Instructions for the task: What is needed is an exact transcription of the line with "by (intro continuous_map_graph_quotient)" and all the lines that follow it in the entries below; add nothing else.

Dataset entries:
sublocale FG_T: groupoid_edges FG T d0 d1 \<sigma>
  using topgraph_ends[OF topgraph] maximal_tree_subset[OF maximal_tree] \<sigma>_Hom obj_FG
  by unfold_locales auto

definition tree_path :: "'v \<Rightarrow> 'm" where
  "tree_path = (SOME p. (\<forall>x\<in>V. p x \<in> Hom FG v x) \<and> p v = ident FG v
                        \<and> (\<forall>\<alpha>\<in>T. p (d1 \<alpha>) = comp FG (\<sigma> \<alpha>) (p (d0 \<alpha>))))"

lemma tree_path: "x \<in> V \<Longrightarrow> tree_path x \<in> Hom FG v x"
  and tree_path_base: "tree_path v = ident FG v"
  and tree_path_edge: "\<alpha> \<in> T \<Longrightarrow> tree_path (d1 \<alpha>) = comp FG (\<sigma> \<alpha>) (tree_path (d0 \<alpha>))"
proof -
  obtain p where "\<And>x. x \<in> V \<Longrightarrow> p x \<in> Hom FG v x" "p v = ident FG v"
    "\<And>\<alpha>. \<alpha> \<in> T \<Longrightarrow> p (d1 \<alpha>) = comp FG (\<sigma> \<alpha>) (p (d0 \<alpha>))"
    using FG_T.tree_paths_exist maximal_tree_contractible[OF maximal_tree] v obj_FG by metis
  then have "\<exists>p. (\<forall>x\<in>V. p x \<in> Hom FG v x) \<and> p v = ident FG v
               \<and> (\<forall>\<alpha>\<in>T. p (d1 \<alpha>) = comp FG (\<sigma> \<alpha>) (p (d0 \<alpha>)))"
    by blast
  then have "(\<forall>x\<in>V. tree_path x \<in> Hom FG v x) \<and> tree_path v = ident FG v
               \<and> (\<forall>\<alpha>\<in>T. tree_path (d1 \<alpha>) = comp FG (\<sigma> \<alpha>) (tree_path (d0 \<alpha>)))"
    unfolding tree_path_def by (rule someI_ex)
  then show "x \<in> V \<Longrightarrow> tree_path x \<in> Hom FG v x" "tree_path v = ident FG v"
    "\<alpha> \<in> T \<Longrightarrow> tree_path (d1 \<alpha>) = comp FG (\<sigma> \<alpha>) (tree_path (d0 \<alpha>))"
    by blast+
qed

definition labelling_functor :: "'m \<Rightarrow> 'v \<times> 'f \<times> 'v" where
  "labelling_functor = (SOME \<Phi>. cont_functor FG (codiscrete_groupoid V FGr \<tau>) id \<Phi>
                          \<and> (\<forall>\<alpha>\<in>topspace E. \<Phi> (\<sigma> \<alpha>) = (d0 \<alpha>, \<sigma>s (collapse T \<alpha>), d1 \<alpha>)))"

lemma labelling_functor: "cont_functor FG (codiscrete_groupoid V FGr \<tau>) id labelling_functor"
  and labelling_functor_edge:
    "\<alpha> \<in> topspace E \<Longrightarrow> labelling_functor (\<sigma> \<alpha>) = (d0 \<alpha>, \<sigma>s (collapse T \<alpha>), d1 \<alpha>)"
proof -
  have "continuous_map E \<tau> (\<sigma>s \<circ> collapse T)"
    using continuous_map_compose[OF continuous_map_quotient_topology continuous_\<sigma>s[unfolded graph_quotient_def]] .
  then have "graph_morphism V E d0 d1 (codiscrete_groupoid V FGr \<tau>) id (\<lambda>\<alpha>. (d0 \<alpha>, \<sigma>s (collapse T \<alpha>), d1 \<alpha>))"
    using graph_morphism_codiscrete_groupoid by (simp add: o_def)
  from free_top_groupoid_universal(1)[OF free_codiscrete top_groupoid_codiscrete_groupoid[OF topological_group] this]
  have "cont_functor FG (codiscrete_groupoid V FGr \<tau>) id labelling_functor
          \<and> (\<forall>\<alpha>\<in>topspace E. labelling_functor (\<sigma> \<alpha>) = (d0 \<alpha>, \<sigma>s (collapse T \<alpha>), d1 \<alpha>))"
    unfolding labelling_functor_def by (rule someI_ex)
  then show "cont_functor FG (codiscrete_groupoid V FGr \<tau>) id labelling_functor"
    "\<alpha> \<in> topspace E \<Longrightarrow> labelling_functor (\<sigma> \<alpha>) = (d0 \<alpha>, \<sigma>s (collapse T \<alpha>), d1 \<alpha>)"
    by blast+
qed

sublocale \<Phi>: functor_to_codiscrete FG V FGr \<tau> labelling_functor
  by unfold_locales (rule topological_group, rule labelling_functor)

lemma label_edge: "\<alpha> \<in> topspace E \<Longrightarrow> \<Phi>.label (\<sigma> \<alpha>) = \<sigma>s (collapse T \<alpha>)"
  by (simp add: \<Phi>.label_def labelling_functor_edge)

lemma label_tree_path: "x \<in> V \<Longrightarrow> \<Phi>.label (tree_path x) = \<one>\<^bsub>FGr\<^esub>"
proof -
  have "V \<subseteq> {x. \<Phi>.label (tree_path x) = \<one>\<^bsub>FGr\<^esub>}"
  proof (rule connected_realization_edge_closed[OF _ v])
    show "connected_space (realization V (discrete_topology T) d0 d1)"
      using maximal_tree_contractible[OF maximal_tree] by (rule contractible_imp_connected_space)
    show "v \<in> {x. \<Phi>.label (tree_path x) = \<one>\<^bsub>FGr\<^esub>}"
      using \<Phi>.label_ident v obj_FG tree_path_base by simp
    show "d0 \<alpha> \<in> {x. \<Phi>.label (tree_path x) = \<one>\<^bsub>FGr\<^esub>} \<longleftrightarrow> d1 \<alpha> \<in> {x. \<Phi>.label (tree_path x) = \<one>\<^bsub>FGr\<^esub>}"
      if \<alpha>: "\<alpha> \<in> T" for \<alpha>
    proof -
      have \<alpha>E: "\<alpha> \<in> topspace E"
        using \<alpha> maximal_tree_subset[OF maximal_tree] by blast
      have "\<Phi>.label (tree_path (d1 \<alpha>)) = \<Phi>.label (\<sigma> \<alpha>) \<otimes>\<^bsub>FGr\<^esub> \<Phi>.label (tree_path (d0 \<alpha>))"
        using \<Phi>.label_comp[OF _ _ _ tree_path \<sigma>_Hom[OF \<alpha>E]] tree_path_edge[OF \<alpha>] v obj_FG
          topgraph_ends[OF topgraph \<alpha>E] by simp
      also have "\<Phi>.label (\<sigma> \<alpha>) = \<one>\<^bsub>FGr\<^esub>"
        using label_edge[OF \<alpha>E] \<alpha> \<sigma>s_None by (simp add: collapse_def)
      finally show ?thesis
        using \<Phi>.label_closed[OF _ _ tree_path] v obj_FG topgraph_ends[OF topgraph \<alpha>E] by simp
    qed
  qed
  then show "x \<in> V \<Longrightarrow> \<Phi>.label (tree_path x) = \<one>\<^bsub>FGr\<^esub>"
    by blast
qed

abbreviation loop :: "'e \<Rightarrow> 'm" where
  "loop \<equiv> edge_loop FG tree_path \<sigma> d0 d1"

lemma loop_tree_edge:
  assumes "\<alpha> \<in> T"
  shows "loop \<alpha> = ident FG v"
proof -
  have d1: "d1 \<alpha> \<in> V"
    using FG_T.target_obj[OF assms] obj_FG by simp
  show ?thesis
    using FG.edge_loop_tree_edge[of v d1 \<alpha> tree_path \<sigma> d0, OF _ _ tree_path[OF d1] tree_path_edge[OF assms]]
      d1 v obj_FG
    by simp
qed

lemma label_loop:
  assumes "\<alpha> \<in> topspace E"
  shows "\<Phi>.label (loop \<alpha>) = \<sigma>s (collapse T \<alpha>)"
proof -
  have ends: "d0 \<alpha> \<in> obj FG" "d1 \<alpha> \<in> obj FG"
    using topgraph_ends[OF topgraph assms] obj_FG by simp_all
  have "\<Phi>.label (loop \<alpha>)
      = \<Phi>.label (ginv FG (tree_path (d1 \<alpha>))) \<otimes>\<^bsub>FGr\<^esub> (\<Phi>.label (\<sigma> \<alpha>) \<otimes>\<^bsub>FGr\<^esub> \<Phi>.label (tree_path (d0 \<alpha>)))"
    unfolding edge_loop_def
    using \<Phi>.label_comp[OF v_obj ends(2) v_obj FG.comp_closed[OF v_obj ends tree_path \<sigma>_Hom[OF assms]]
        FG.ginv_closed[OF v_obj ends(2) tree_path]]
      \<Phi>.label_comp[OF v_obj ends tree_path \<sigma>_Hom[OF assms]] ends obj_FG
    by simp
  also have "\<dots> = \<sigma>s (collapse T \<alpha>)"
    using \<Phi>.label_ginv[OF v_obj ends(2) tree_path] label_tree_path label_edge[OF assms]
      \<sigma>s_collapse_closed[OF assms] ends obj_FG by simp
  finally show ?thesis .
qed

lemma continuous_map_loops:
  "continuous_map (graph_quotient E T) (homtop FG v v) (case_option (ident FG v) loop)"
  using FG.continuous_map_edge_loop[OF _ _ _ tree_path] topgraph \<sigma>_morphism v obj_FG loop_tree_edge
  by (intro continuous_map_graph_quotient) simp_all

definition loop_hom :: "'f \<Rightarrow> 'm" where
  "loop_hom = (SOME \<Psi>. \<Psi> \<in> hom FGr (vertex_group FG v) \<and> continuous_map \<tau> (homtop FG v v) \<Psi>
                   \<and> (\<forall>z\<in>topspace (graph_quotient E T). \<Psi> (\<sigma>s z) = case_option (ident FG v) loop z))"

lemma loop_hom: "loop_hom \<in> hom FGr (vertex_group FG v)"
  and continuous_map_loop_hom: "continuous_map \<tau> (homtop FG v v) loop_hom"
  and loop_hom_generator: "\<alpha> \<in> topspace E \<Longrightarrow> loop_hom (\<sigma>s (collapse T \<alpha>)) = loop \<alpha>"
proof -
  have "case_option (ident FG v) loop None = \<one>\<^bsub>vertex_group FG v\<^esub>"
    by (simp add: vertex_group_def)
  from graev_free_group_universal(1)[OF graev_vertex_group FG.topological_group_vertex_group[OF v_obj]
      continuous_map_loops this]
  have P: "loop_hom \<in> hom FGr (vertex_group FG v) \<and> continuous_map \<tau> (homtop FG v v) loop_hom
          \<and> (\<forall>z\<in>topspace (graph_quotient E T). loop_hom (\<sigma>s z) = case_option (ident FG v) loop z)"
    unfolding loop_hom_def by (rule someI_ex)
  then show "loop_hom \<in> hom FGr (vertex_group FG v)" "continuous_map \<tau> (homtop FG v v) loop_hom"
    by blast+
  show "loop_hom (\<sigma>s (collapse T \<alpha>)) = loop \<alpha>" if "\<alpha> \<in> topspace E" for \<alpha>
  proof -
    have "collapse T \<alpha> \<in> topspace (graph_quotient E T)"
      using that by (simp add: graph_quotient_def)
    with P have "loop_hom (\<sigma>s (collapse T \<alpha>)) = case_option (ident FG v) loop (collapse T \<alpha>)"
      by blast
    then show ?thesis
      using loop_tree_edge by (simp add: collapse_def)
  qed
qed

lemma loop_hom_Hom: "g \<in> carrier FGr \<Longrightarrow> loop_hom g \<in> Hom FG v v"
  using hom_in_carrier[OF loop_hom] by (simp add: vertex_group_def)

Problem solution:
  by (intro continuous_map_graph_quotient) simp_all

definition loop_hom :: "'f \<Rightarrow> 'm" where
  "loop_hom = (SOME \<Psi>. \<Psi> \<in> hom FGr (vertex_group FG v) \<and> continuous_map \<tau> (homtop FG v v) \<Psi>
                   \<and> (\<forall>z\<in>topspace (graph_quotient E T). \<Psi> (\<sigma>s z) = case_option (ident FG v) loop z))"

lemma loop_hom: "loop_hom \<in> hom FGr (vertex_group FG v)"
  and continuous_map_loop_hom: "continuous_map \<tau> (homtop FG v v) loop_hom"
  and loop_hom_generator: "\<alpha> \<in> topspace E \<Longrightarrow> loop_hom (\<sigma>s (collapse T \<alpha>)) = loop \<alpha>"
proof -
  have "case_option (ident FG v) loop None = \<one>\<^bsub>vertex_group FG v\<^esub>"
    by (simp add: vertex_group_def)
  from graev_free_group_universal(1)[OF graev_vertex_group FG.topological_group_vertex_group[OF v_obj]
      continuous_map_loops this]
  have P: "loop_hom \<in> hom FGr (vertex_group FG v) \<and> continuous_map \<tau> (homtop FG v v) loop_hom
          \<and> (\<forall>z\<in>topspace (graph_quotient E T). loop_hom (\<sigma>s z) = case_option (ident FG v) loop z)"
    unfolding loop_hom_def by (rule someI_ex)
  then show "loop_hom \<in> hom FGr (vertex_group FG v)" "continuous_map \<tau> (homtop FG v v) loop_hom"
    by blast+
  show "loop_hom (\<sigma>s (collapse T \<alpha>)) = loop \<alpha>" if "\<alpha> \<in> topspace E" for \<alpha>
  proof -
    have "collapse T \<alpha> \<in> topspace (graph_quotient E T)"
      using that by (simp add: graph_quotient_def)
    with P have "loop_hom (\<sigma>s (collapse T \<alpha>)) = case_option (ident FG v) loop (collapse T \<alpha>)"
      by blast
    then show ?thesis
      using loop_tree_edge by (simp add: collapse_def)
  qed
qed

lemma loop_hom_Hom: "g \<in> carrier FGr \<Longrightarrow> loop_hom g \<in> Hom FG v v"
  using hom_in_carrier[OF loop_hom] by (simp add: vertex_group_def)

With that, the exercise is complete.